• [Data]

text \<open>Otherwise removing \<open>{a, b}\<close> leaves a connected graph with too few edges.\<close>
lemma is_tree_no_triangle:
  assumes tree: "is_tree S F" and "{a, b} \<in> F" "{b, c} \<in> F" "a \<noteq> c"
  shows "{a, c} \<notin> F"
proof
  assume "{a, c} \<in> F"
  let ?G = "F - {{a, b}}"
  have "b \<noteq> c"
    using is_tree_edgeD[OF tree \<open>{b, c} \<in> F\<close>] by simp
  then have "{a, c} \<noteq> {a, b}" "{b, c} \<noteq> {a, b}"
    using \<open>a \<noteq> c\<close> by (auto simp: doubleton_eq_iff)
  then have "(a, c) \<in> edge_rel ?G" "(c, b) \<in> edge_rel ?G"
    using \<open>{a, c} \<in> F\<close> \<open>{b, c} \<in> F\<close> by (simp_all add: edge_rel_def insert_commute)
  then have "(a, b) \<in> (edge_rel ?G)\<^sup>*"
    by (meson r_into_rtrancl rtrancl_trans)
  then have "connected_graph S ?G"
    using tree[unfolded is_tree_iff] by (blast intro: connected_graph_replace_edge)
  moreover have "finite S" "?G \<subseteq> edges_on S"
    using tree by (auto simp: is_tree_iff)
  ultimately have "card S \<le> card ?G + 1"
    by (blast intro: connected_graph_card_le)
  moreover have "card ?G < card F"
    using is_tree_finite_edges[OF tree] \<open>{a, b} \<in> F\<close> by (rule card_Diff1_less)
  ultimately show False
    using tree by (simp add: is_tree_iff)
qed

lemma is_tree_exchange_edge:
  assumes tree: "is_tree S F" and "{a, b} \<in> F" "{b, c} \<in> F" "a \<noteq> c"
  shows "is_tree S (insert {a, c} (F - {{a, b}}))"
proof -
  let ?F' = "insert {a, c} (F - {{a, b}})"
  have "a \<in> S" "c \<in> S" "b \<noteq> c"
    using is_tree_edgeD[OF tree \<open>{a, b} \<in> F\<close>] is_tree_edgeD[OF tree \<open>{b, c} \<in> F\<close>]
    by simp_all
  then have "{b, c} \<noteq> {a, b}"
    using \<open>a \<noteq> c\<close> by (auto simp: doubleton_eq_iff)
  then have "(a, c) \<in> edge_rel ?F'" "(c, b) \<in> edge_rel ?F'"
    using \<open>{b, c} \<in> F\<close> by (simp_all add: edge_rel_def insert_commute)
  then have "(a, b) \<in> (edge_rel ?F')\<^sup>*"
    by (meson r_into_rtrancl rtrancl_trans)
  then have "connected_graph S ?F'"
    using tree[unfolded is_tree_iff] by (blast intro: connected_graph_replace_edge)
  moreover have "card ?F' = Suc (card (F - {{a, b}}))"
    using is_tree_finite_edges[OF tree] is_tree_no_triangle[OF assms] by simp
  then have "card ?F' = card F"
    using card_Suc_Diff1[OF is_tree_finite_edges[OF tree] \<open>{a, b} \<in> F\<close>] by simp
  ultimately show ?thesis
    using tree \<open>a \<in> S\<close> \<open>c \<in> S\<close> \<open>a \<noteq> c\<close> by (auto simp: is_tree_iff)
qed

lemma metric_on_sym: "metric_on V d \<Longrightarrow> u \<in> V \<Longrightarrow> v \<in> V \<Longrightarrow> d u v = d v u"
  by (simp add: metric_on_def)

lemma metric_on_nonneg: "metric_on V d \<Longrightarrow> u \<in> V \<Longrightarrow> v \<in> V \<Longrightarrow> 0 \<le> d u v"
  by (simp add: metric_on_def)

lemma metric_on_triangle:
  "metric_on V d \<Longrightarrow> u \<in> V \<Longrightarrow> v \<in> V \<Longrightarrow> x \<in> V \<Longrightarrow> d u x \<le> d u v + d v x"
  by (simp add: metric_on_def)

lemma metric_weight_doubleton:
  assumes "d u v = d v u"
  shows "metric_weight d {u, v} = d u v"
  unfolding metric_weight_def
  by (rule someI2[of _ "d u v"]) (use assms in \<open>auto simp: doubleton_eq_iff\<close>)

lemma gamma_perturbation_scale_on:
  assumes "metric_on V d" "\<gamma> \<ge> 1"
  shows "gamma_perturbation \<gamma> V d
           (\<lambda>e. if e \<in> F then \<gamma> * metric_weight d e else metric_weight d e)"
  unfolding gamma_perturbation_def
proof (intro ballI impI)
  fix u v assume "u \<in> V" "v \<in> V"
  then have "metric_weight d {u, v} = d u v" "0 \<le> d u v"
    using assms(1) by (simp_all add: metric_weight_doubleton metric_on_sym metric_on_nonneg)
  then show "d u v \<le> (if {u, v} \<in> F then \<gamma> * metric_weight d {u, v} else metric_weight d {u, v})
      \<and> (if {u, v} \<in> F then \<gamma> * metric_weight d {u, v} else metric_weight d {u, v}) \<le> \<gamma> * d u v"
    using assms(2) by (simp add: mult_le_cancel_right1)
qed

lemma finite_steiner_trees:
  assumes "finite V"
  shows "finite {t. is_steiner_tree V T t}"
proof (rule finite_subset)
  show "{t. is_steiner_tree V T t} \<subseteq> Pow V \<times> Pow (Pow V)"
    using edges_on_subset_Pow by (fastforce simp: is_steiner_tree_def is_tree_iff)
  show "finite (Pow V \<times> Pow (Pow V))"
    using assms by simp
qed

lemma ex_min_steiner:
  assumes "finite V" "is_steiner_tree V T t"
  shows "\<exists>t'. is_min_steiner V T W t'"
proof -
  obtain t' where "is_arg_min (tree_weight W) (\<lambda>t. t \<in> {t. is_steiner_tree V T t}) t'"
    using ex_is_arg_min_if_finite[OF finite_steiner_trees[OF assms(1)]] assms(2) by blast
  then have "is_min_steiner V T W t'"
    unfolding is_arg_min_linorder is_min_steiner_def by simp
  then show ?thesis ..
qed

lemma is_min_steiner_edgeD:
  assumes "is_min_steiner V T W t" "{x, y} \<in> snd t"
  shows "x \<in> V" "y \<in> V" "x \<noteq> y"
proof -
  have "fst t \<subseteq> V" and tree: "is_tree (fst t) (snd t)"
    using assms(1) by (simp_all add: is_min_steiner_def is_steiner_tree_def)
  then show "x \<in> V" "y \<in> V" "x \<noteq> y"
    using is_tree_edgeD[OF tree assms(2)] by auto
qed

text \<open>The unperturbed weights are themselves a \<open>\<gamma>\<close>-perturbation, so the witness in
  \<open>stable_instance\<close> is the given optimum.\<close>
lemma stable_instance_strict_optimum:
  assumes "\<gamma> \<ge> 1" "stable_instance \<gamma> V T d"
    and "is_min_steiner V T (metric_weight d) OPT"
    and "gamma_perturbation \<gamma> V d W"
    and "is_steiner_tree V T t" "t \<noteq> OPT"
  shows "tree_weight W OPT < tree_weight W t"
proof -
  have "finite V" "metric_on V d"
    using assms(2) by (simp_all add: stable_instance_def steiner_instance_def)
  obtain OPT0 where unique: "\<And>W t. gamma_perturbation \<gamma> V d W \<Longrightarrow>
      is_min_steiner V T W t \<Longrightarrow> t = OPT0"
    using assms(2) unfolding stable_instance_def by blast
  have "gamma_perturbation \<gamma> V d (metric_weight d)"
    using gamma_perturbation_scale_on[OF \<open>metric_on V d\<close> assms(1), of "{}"] by simp
  then have "OPT = OPT0"
    using unique assms(3) by blast
  obtain t0 where "is_min_steiner V T W t0"
    using ex_min_steiner[OF \<open>finite V\<close> assms(5)] by blast
  then have "is_min_steiner V T W OPT"
    using unique[OF assms(4)] \<open>OPT = OPT0\<close> by metis
  moreover have "\<not> is_min_steiner V T W t"
    using unique[OF assms(4)] \<open>OPT = OPT0\<close> assms(6) by blast
  ultimately show ?thesis
    using assms(5) unfolding is_min_steiner_def by (meson not_le order.trans)
qed

lemma stable_instance_adjacent_edges:
  assumes "\<gamma> \<ge> 1" "stable_instance \<gamma> V T d"
    and opt: "is_min_steiner V T (metric_weight d) OPT"
    and "{a, b} \<in> snd OPT" "{b, c} \<in> snd OPT" "a \<noteq> c"
  shows "\<gamma> * d a b < d a c"
proof -
  obtain S F where OPT: "OPT = (S, F)"
    by fastforce
  have "S \<subseteq> V" "T \<subseteq> S" and tree: "is_tree S F"
    using opt by (simp_all add: is_min_steiner_def is_steiner_tree_def OPT)
  have "metric_on V d"
    using assms(2) by (simp add: stable_instance_def steiner_instance_def)
  have ab: "{a, b} \<in> F" and bc: "{b, c} \<in> F"
    using assms(4,5) by (simp_all add: OPT)
  have "a \<in> V" "b \<in> V" "c \<in> V"
    using is_min_steiner_edgeD[OF opt] assms(4,5) by auto
  have ac: "{a, c} \<notin> F"
    using is_tree_no_triangle[OF tree ab bc \<open>a \<noteq> c\<close>] .
  define W where "W e = (if e \<in> F then \<gamma> * metric_weight d e else metric_weight d e)" for e
  define F' where "F' = insert {a, c} (F - {{a, b}})"
  have "{a, b} \<noteq> {a, c}"
    using is_tree_edgeD[OF tree bc] by (auto simp: doubleton_eq_iff)
  then have "{a, b} \<notin> F'"
    by (simp add: F'_def)
  then have "(S, F') \<noteq> OPT"
    using ab by (auto simp: OPT)
  moreover have "is_steiner_tree V T (S, F')"
    using is_tree_exchange_edge[OF tree ab bc \<open>a \<noteq> c\<close>] \<open>S \<subseteq> V\<close> \<open>T \<subseteq> S\<close>
    by (simp add: is_steiner_tree_def F'_def)
  moreover have "gamma_perturbation \<gamma> V d W"
    unfolding W_def using gamma_perturbation_scale_on[OF \<open>metric_on V d\<close> assms(1)] .
  ultimately have "tree_weight W OPT < tree_weight W (S, F')"
    using stable_instance_strict_optimum[OF assms(1-3)] by blast
  moreover have "tree_weight W OPT = W {a, b} + sum W (F - {{a, b}})"
    using is_tree_finite_edges[OF tree] ab by (simp add: tree_weight_def OPT sum.remove)
  moreover have "tree_weight W (S, F') = W {a, c} + sum W (F - {{a, b}})"
    using is_tree_finite_edges[OF tree] ac by (simp add: tree_weight_def F'_def)
  moreover have "W {a, b} = \<gamma> * d a b" "W {a, c} = d a c"
    using ab ac \<open>a \<in> V\<close> \<open>b \<in> V\<close> \<open>c \<in> V\<close> metric_on_sym[OF \<open>metric_on V d\<close>]
    by (simp_all add: W_def metric_weight_doubleton)
  ultimately show ?thesis
    by linarith
qed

• [Work required] Above are some records. Copy each of their lines that holds the string "shows".

• [Reply to the task]
  shows "{a, c} \<notin> F"
  shows "is_tree S (insert {a, c} (F - {{a, b}}))"
  shows "metric_weight d {u, v} = d u v"
  shows "gamma_perturbation \<gamma> V d
  shows "finite {t. is_steiner_tree V T t}"
  shows "\<exists>t'. is_min_steiner V T W t'"
  shows "x \<in> V" "y \<in> V" "x \<noteq> y"
  shows "tree_weight W OPT < tree_weight W t"
  shows "\<gamma> * d a b < d a c"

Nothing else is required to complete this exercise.